Excerpts from a dataset:

definition LE :: "nat \<Rightarrow> 'a set \<Rightarrow> ('a \<times> 'a) set \<Rightarrow> bool" where
  "LE i V A \<longleftrightarrow> strong V A \<and> long_ear_sub i V A V A"

definition acyclic_set :: "('a \<times> 'a) set \<Rightarrow> 'a set \<Rightarrow> bool" where
  "acyclic_set A S \<longleftrightarrow> \<not> (\<exists>c. is_cycle A c \<and> set c \<subseteq> S)"

definition dicolourable :: "'a set \<Rightarrow> ('a \<times> 'a) set \<Rightarrow> nat \<Rightarrow> bool" where
  "dicolourable V A k \<longleftrightarrow> (\<exists>f :: 'a \<Rightarrow> nat. (\<forall>v\<in>V. f v < k) \<and>
       (\<forall>j<k. acyclic_set A {v\<in>V. f v = j}))"

definition dichromatic :: "'a set \<Rightarrow> ('a \<times> 'a) set \<Rightarrow> nat" where
  "dichromatic V A = (LEAST k. dicolourable V A k)"

end

theory Submission
  imports Defs
begin

(*
  An ear of length at least 2 has an internal vertex, so every arc it adds is incident with a
  new vertex and the subdigraph induced by the old vertices does not change. Give all internal
  vertices of a new ear u ... w one colour different from the colour of w. A monochromatic cycle
  through a new vertex must then follow the ear to w, since the internal vertices have no other
  out-arcs yet; a cycle avoiding the new vertices lies in the old digraph. Hence every digraph in
  LE_2 is 2-dicolourable, and as it contains a cycle its dichromatic number is exactly 2.
*)

lemma path_arcs_Cons: "l \<noteq> [] \<Longrightarrow> path_arcs (a # l) = insert (a, hd l) (path_arcs l)"
  by (cases l) (simp_all add: path_arcs_def)

lemma path_arcs_fst: "(x, y) \<in> path_arcs p \<Longrightarrow> x \<in> set (butlast p)"
  unfolding path_arcs_def by (induction p rule: induct_list012) auto

lemma path_arcs_subset: "path_arcs p \<subseteq> set p \<times> set p"
  unfolding path_arcs_def by (cases p) (auto dest: set_zip_leftD set_zip_rightD)

lemma cycle_arcs_subset: "cycle_arcs c \<subseteq> set c \<times> set c"
  unfolding cycle_arcs_def by (auto dest: set_zip_leftD set_zip_rightD)

lemma cycle_arcs_rotate1 [simp]: "cycle_arcs (rotate1 c) = cycle_arcs c"
proof (cases c)
  case (Cons a l)
  then show ?thesis
  proof (cases l)
    case (Cons b m)
    have "zip ((b # m) @ [a]) ((m @ [a]) @ [b]) = zip (b # m) (m @ [a]) @ [(a, b)]"
      using zip_append[of "b # m" "m @ [a]" "[a]" "[b]"] by simp
    then show ?thesis using \<open>c = a # l\<close> Cons by (auto simp: cycle_arcs_def)
  qed (simp add: cycle_arcs_def)
qed simp

lemma cycle_arcs_rotate: "cycle_arcs (rotate n c) = cycle_arcs c"
  by (induction n) simp_all

lemma cycle_arcs_Cons: "cycle_arcs (v # xs) = path_arcs (v # xs @ [v])"
  using zip_append1[of "v # xs" "[v]" "xs @ [v]"] by (simp add: cycle_arcs_def path_arcs_def)

lemma is_cycle_successor:
  assumes "is_cycle E c" and "x \<in> set c"
  shows "\<exists>y\<in>set c. (x, y) \<in> E"
proof -
  obtain i where i: "i < length c" "x = c ! i" using \<open>x \<in> set c\<close> by (auto simp: in_set_conv_nth)
  then have "(x, rotate1 c ! i) \<in> cycle_arcs c" by (auto simp: cycle_arcs_def set_zip)
  moreover have "rotate1 c ! i \<in> set c" using i nth_mem[of i "rotate1 c"] by simp
  ultimately show ?thesis using \<open>is_cycle E c\<close> unfolding is_cycle_def by blast
qed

▶ Your assignment
Please work out how many lines of the records contain "every" and give only that number.

▶ Written answer
2